If you’re writing a component and reaching for a primitive, pause — there’s almost certainly a semantic token that expresses the intent you need. If there isn’t, the gap belongs in Figma as a new semantic token, not in the component as a primitive reference.


Light and dark mode

Semantic tokens exist in two mode variants:

--semantic-color-light-mode-fill-contextual-navitem-base: ...
--semantic-color-dark-mode-fill-contextual-navitem-base:  ...

Both are emitted into src/tokens/tokens.css. Your layout layer decides which to activate — typically by scoping a [data-theme="dark"] attribute on a parent element that swaps the dark-mode vars in.

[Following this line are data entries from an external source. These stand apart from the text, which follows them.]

lemma degree_prod_linear_le:
  fixes f :: "nat \<Rightarrow> 'a::comm_ring_1"
  shows "degree (\<Prod>i<n. [:1, f i:]) \<le> n"
proof -
  have "degree (\<Prod>i<n. [:1, f i:]) \<le> (\<Sum>i<n. degree [:1, f i:])"
    using degree_prod_sum_le[of "{..<n}" "\<lambda>i. [:1, f i:]"] by (simp add: o_def)
  also have "\<dots> \<le> (\<Sum>i<n. 1)"
    by (intro sum_mono) simp
  finally show ?thesis
    by simp
qed

lemma degree_Theta_poly: "degree (Theta_poly m q a b) \<le> m - 1 + q"
  unfolding Theta_poly_def
  by (rule order.trans[OF degree_mult_le]) (intro add_mono degree_prod_linear_le)

lemma degree_RTheta_poly: "degree (RTheta_poly m q a b) \<le> m - 1 + q"
  unfolding RTheta_poly_def
  by (rule order.trans[OF degree_mult_le]) (metis add.commute add_mono degree_prod_linear_le)

text \<open>Summing up to a fixed bound instead of the degree makes the autocovariance continuous in the
  coefficients.\<close>

definition acov_upto :: "nat \<Rightarrow> complex poly \<Rightarrow> nat \<Rightarrow> complex" where
  "acov_upto N P k = (\<Sum>j\<le>N. coeff P j * coeff P (j + k))"

lemma ma_acov_eq_acov_upto:
  assumes "degree P \<le> N"
  shows "ma_acov v P k = of_real v * acov_upto N P k"
proof -
  have "(\<Sum>j\<le>degree P. coeff P j * coeff P (j + k)) = (\<Sum>j\<le>N. coeff P j * coeff P (j + k))"
    by (rule sum.mono_neutral_left) (use assms in \<open>auto simp: coeff_eq_0\<close>)
  then show ?thesis
    by (simp add: ma_acov_def acov_upto_def)
qed

lemma ma_acov_smult_of_real: "ma_acov v (smult (of_real c) P) k = ma_acov (v * c\<^sup>2) P k"
  by (cases "c = 0")
    (simp_all add: ma_acov_def sum_distrib_left power2_eq_square mult_ac)

lemma acov_upto_eq_0:
  assumes "degree P \<le> N" and "N < k"
  shows "acov_upto N P k = 0"
  using assms by (auto simp: acov_upto_def coeff_eq_0 intro!: sum.neutral)

lemma tendsto_acov_upto:
  assumes "\<And>j. ((\<lambda>x. coeff (P x) j) \<longlongrightarrow> coeff P0 j) F"
  shows "((\<lambda>x. acov_upto N (P x) k) \<longlongrightarrow> acov_upto N P0 k) F"
  unfolding acov_upto_def by (intro tendsto_sum tendsto_mult assms)

lemma asymp_equiv_ma_acov_iff:
  fixes P Q :: "real \<Rightarrow> complex poly" and v w :: "real \<Rightarrow> real"
  assumes deg: "\<And>x. degree (P x) \<le> N" "\<And>x. degree (Q x) \<le> N"
    and P: "\<And>j. ((\<lambda>x. coeff (P x) j) \<longlongrightarrow> coeff P0 j) (at_right 0)"
    and Q: "\<And>j. ((\<lambda>x. coeff (Q x) j) \<longlongrightarrow> coeff Q0 j) (at_right 0)"
    and v: "((\<lambda>x. of_real (v x) / of_real x ^ n) \<longlongrightarrow> c) (at_right 0)"
    and w: "((\<lambda>x. of_real (w x) / of_real x ^ n) \<longlongrightarrow> d) (at_right 0)"
    and nz: "\<And>k. k \<le> N \<Longrightarrow> c * acov_upto N P0 k \<noteq> 0"
  shows "(\<forall>k. (\<lambda>x. ma_acov (v x) (P x) k) \<sim>[at_right 0] (\<lambda>x. ma_acov (w x) (Q x) k))
     \<longleftrightarrow> (\<forall>k\<le>N. c * acov_upto N P0 k = d * acov_upto N Q0 k)"
proof -
  have ma: "ma_acov (v x) (P x) k = of_real (v x) * acov_upto N (P x) k"
    "ma_acov (w x) (Q x) k = of_real (w x) * acov_upto N (Q x) k" for x k
    using deg by (simp_all add: ma_acov_eq_acov_upto)
  have high: "(\<lambda>x. ma_acov (v x) (P x) k) \<sim>[at_right 0] (\<lambda>x. ma_acov (w x) (Q x) k)"
    if "N < k" for k
    using that deg by (simp add: ma acov_upto_eq_0)
  have low: "(\<lambda>x. ma_acov (v x) (P x) k) \<sim>[at_right 0] (\<lambda>x. ma_acov (w x) (Q x) k)
      \<longleftrightarrow> c * acov_upto N P0 k = d * acov_upto N Q0 k" if "k \<le> N" for k
  proof (rule asymp_equiv_iff_same_limit)
    show "\<forall>\<^sub>F x in at_right 0. (of_real x ^ n :: complex) \<noteq> 0"
      using eventually_at_right_less[of "0::real"] by eventually_elim simp
    show "((\<lambda>x. ma_acov (v x) (P x) k / of_real x ^ n) \<longlongrightarrow> c * acov_upto N P0 k) (at_right 0)"
      using tendsto_mult[OF v tendsto_acov_upto[OF P]] by (simp add: ma)
    show "((\<lambda>x. ma_acov (w x) (Q x) k / of_real x ^ n) \<longlongrightarrow> d * acov_upto N Q0 k) (at_right 0)"
      using tendsto_mult[OF w tendsto_acov_upto[OF Q]] by (simp add: ma)
  qed (use nz that in auto)
  show ?thesis
    using high low by (meson not_le)
qed

lemma all_nat_le_1_iff: "(\<forall>k\<le>(1::nat). P k) \<longleftrightarrow> P 0 \<and> P 1"
  by (auto simp: le_Suc_eq)

lemma all_nat_le_2_iff: "(\<forall>k\<le>(2::nat). P k) \<longleftrightarrow> P 0 \<and> P 1 \<and> P 2"
  by (auto simp: le_Suc_eq eval_nat_numeral)

lemma acov_upto_linear_of_real:
  "acov_upto 1 [:1, of_real a:] 0 = of_real (1 + a\<^sup>2)"
  "acov_upto 1 [:1, of_real a:] 1 = of_real a"
  by (simp_all add: acov_upto_def power2_eq_square)

lemma acov_upto_quadratic_of_real:
  "acov_upto 2 ([:1, of_real a:] * [:1, of_real b:]) 0 = of_real (1 + (a + b)\<^sup>2 + (a * b)\<^sup>2)"
  "acov_upto 2 ([:1, of_real a:] * [:1, of_real b:]) 1 = of_real ((a + b) * (1 + a * b))"
  "acov_upto 2 ([:1, of_real a:] * [:1, of_real b:]) 2 = of_real (a * b)"
  by (simp_all add: acov_upto_def power2_eq_square eval_nat_numeral algebra_simps)

lemma acov_upto_power_one_minus_X_nonzero:
  assumes "q \<le> 2" and "k \<le> q"
  shows "acov_upto q (\<Prod>i<q. [:1, -1:]) k \<noteq> 0"
proof -
  have "q = 0 \<or> q = 1 \<or> q = 2" "k = 0 \<or> k = 1 \<or> k = 2"
    using assms by auto
  then show ?thesis
    using assms by (auto simp: acov_upto_def eval_nat_numeral)
qed

section \<open>The limits of the moving-average zeros\<close>

lemma fps_nth_cosh: "fps_nth fps_cosh n = (if even n then 1 / fact n else 0)"
  by (auto simp: fps_cosh_def)

lemma fps_nth_sinh: "fps_nth fps_sinh n = (if odd n then 1 / fact n else 0)"
  by (auto simp: fps_sinh_def)

lemma alpha_1_2_closed_form:
  assumes x: "x \<noteq> 0"
  shows "alpha 1 x = (x - 3) / (6 * x^2)"
    and "alpha 2 x = (x^2 - 15 * x + 30) / (120 * x^3)"
proof -
  define D where "D = fps_cosh - 1 + fps_const x"
  define G where "G = inverse D"
  have D: "fps_nth D 0 = x" "fps_nth D (Suc 0) = 0" "fps_nth D (Suc (Suc 0)) = 1/2"
    "fps_nth D (Suc (Suc (Suc 0))) = 0" "fps_nth D (Suc (Suc (Suc (Suc 0)))) = 1/24"
    by (simp_all add: D_def fps_nth_cosh)
  have S: "fps_nth fps_sinh 0 = 0" "fps_nth fps_sinh (Suc 0) = 1" "fps_nth fps_sinh (Suc (Suc 0)) = 0"
    "fps_nth fps_sinh (Suc (Suc (Suc 0))) = 1/6" "fps_nth fps_sinh (Suc (Suc (Suc (Suc 0)))) = 0"
    "fps_nth fps_sinh (Suc (Suc (Suc (Suc (Suc 0))))) = 1/120"
    by (simp_all add: fps_nth_sinh)
  have "D * G = 1"
    unfolding G_def by (rule inverse_mult_eq_1') (simp add: D x)
  then have DG: "fps_nth (D * G) n = (if n = 0 then 1 else 0)" for n
    by simp
  have G0: "fps_nth G 0 = 1 / x"
    using DG[of 0] x by (simp add: fps_mult_nth D field_simps)
  have G1: "fps_nth G (Suc 0) = 0"
    using DG[of 1] x by (simp add: fps_mult_nth D)
  have G2: "fps_nth G (Suc (Suc 0)) = - 1 / (2 * x^2)"
    using DG[of 2] x by (simp add: fps_mult_nth D G0 G1 numeral_2_eq_2 field_simps add_eq_0_iff)
  have G3: "fps_nth G (Suc (Suc (Suc 0))) = 0"
    using DG[of 3] x by (simp add: fps_mult_nth D G0 G1 G2 numeral_3_eq_3 field_simps)
  have G4: "fps_nth G (Suc (Suc (Suc (Suc 0)))) = 1 / (4 * x^3) - 1 / (24 * x^2)"
    using DG[of 4] x by (simp add: fps_mult_nth D G0 G1 G2 G3 eval_nat_numeral field_simps add_eq_0_iff)
  show "alpha 1 x = (x - 3) / (6 * x^2)"
    unfolding alpha_def D_def[symmetric] G_def[symmetric]
    using x by (simp add: fps_mult_nth S eval_nat_numeral G0 G1 G2 G3 field_simps)
  show "alpha 2 x = (x^2 - 15 * x + 30) / (120 * x^3)"
    unfolding alpha_def D_def[symmetric] G_def[symmetric]
    using x by (simp add: fps_mult_nth S eval_nat_numeral G0 G1 G2 G3 G4 field_simps)
qed

lemma eta_lim_of_real:
  fixes x :: real
  assumes x: "2 < x"
  defines "e \<equiv> x - 1 - sqrt ((x - 1)\<^sup>2 - 1)"
  shows "eta_lim (of_real x) = of_real e" and "0 < e" and "e < 1" and "e\<^sup>2 + 1 = 2 * (x - 1) * e"
proof -
  have nonneg: "0 \<le> (x - 1)\<^sup>2 - 1"
    using x by (simp add: power2_eq_square algebra_simps)
  have "csqrt ((of_real x - 1)\<^sup>2 - 1) = of_real (sqrt ((x - 1)\<^sup>2 - 1))"
    using csqrt_of_real[OF nonneg] by simp
  then show "eta_lim (of_real x) = of_real e"
    unfolding eta_lim_def e_def by simp
  have "sqrt ((x - 1)\<^sup>2 - 1) < sqrt ((x - 1)\<^sup>2)"
    by (rule real_sqrt_less_mono) simp
  then show "0 < e"
    using x by (simp add: e_def)
  have "(x - 2)\<^sup>2 < (x - 1)\<^sup>2 - 1"
    using x by (simp add: power2_eq_square algebra_simps)
  then have "x - 2 < sqrt ((x - 1)\<^sup>2 - 1)"
    by (rule real_less_rsqrt)
  then show "e < 1"
    by (simp add: e_def)
  show "e\<^sup>2 + 1 = 2 * (x - 1) * e"
    using real_sqrt_pow2[OF nonneg] by (simp add: e_def power2_eq_square algebra_simps)
qed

Resolving tokens by display name

For readable lookups in component demos and scripts, use the resolver utility:

import { t } from "../../tokens/resolve-tokens.js";

const fill = t("Fill/Contextual/NavItem/Base");          // light mode
const dark = t("Fill/Contextual/NavItem/Base", "dark");  // dark mode

t() converts the Figma display-path format ("Fill/Contextual/NavItem/Base") into the resolved CSS variable value. It handles both modes and caches lookups.


Using tokens in a project

npm install @helloimjolopez-pathway/pathway-tokens

Then import what you need:

// CSS custom properties — add to your app entry point
import "@helloimjolopez-pathway/pathway-tokens/css";

// JS token object (for JS-driven theming, token lookups, etc.)
import tokens from "@helloimjolopez-pathway/pathway-tokens";

// Raw DTCG JSON (for tooling that reads token definitions)
import tokenJson from "@helloimjolopez-pathway/pathway-tokens/json";

In plain HTML or a project without a bundler, link the CSS directly:

<link rel="stylesheet"
  href="https://helloimjolopez-collab.github.io/pathway-ds/storybook/tokens.css" />

Once the CSS is loaded, all custom properties are available:

.my-component {
  background: var(--semantic-color-light-mode-fill-static-brand-base);
  color: var(--semantic-color-light-mode-text-static-primary-inverse);
}

When moving to the Ministry Brands org repo

Republish under @ministry-brands/pathway-tokens and update the package name in package.json. All import paths change from @helloimjolopez-pathway/pathway-tokens to @ministry-brands/pathway-tokens.


Files in this folder

File What it is Edit?
figma-export/pathwaytokens.json Raw export from Figma — the upstream source of truth Never (Figma owns this)
pathway-design-tokens.json All tokens in DTCG format, fully resolved Never (auto-generated by CI on every sync)
resolve-tokens.js Lookup utility — converts display names to resolved values Yes — the only hand-edited file here

Tokens flow one way: Figma → this folder → src/tokens/tokens.css + tokens.js. See the repo CLAUDE.md §2 for the full pipeline.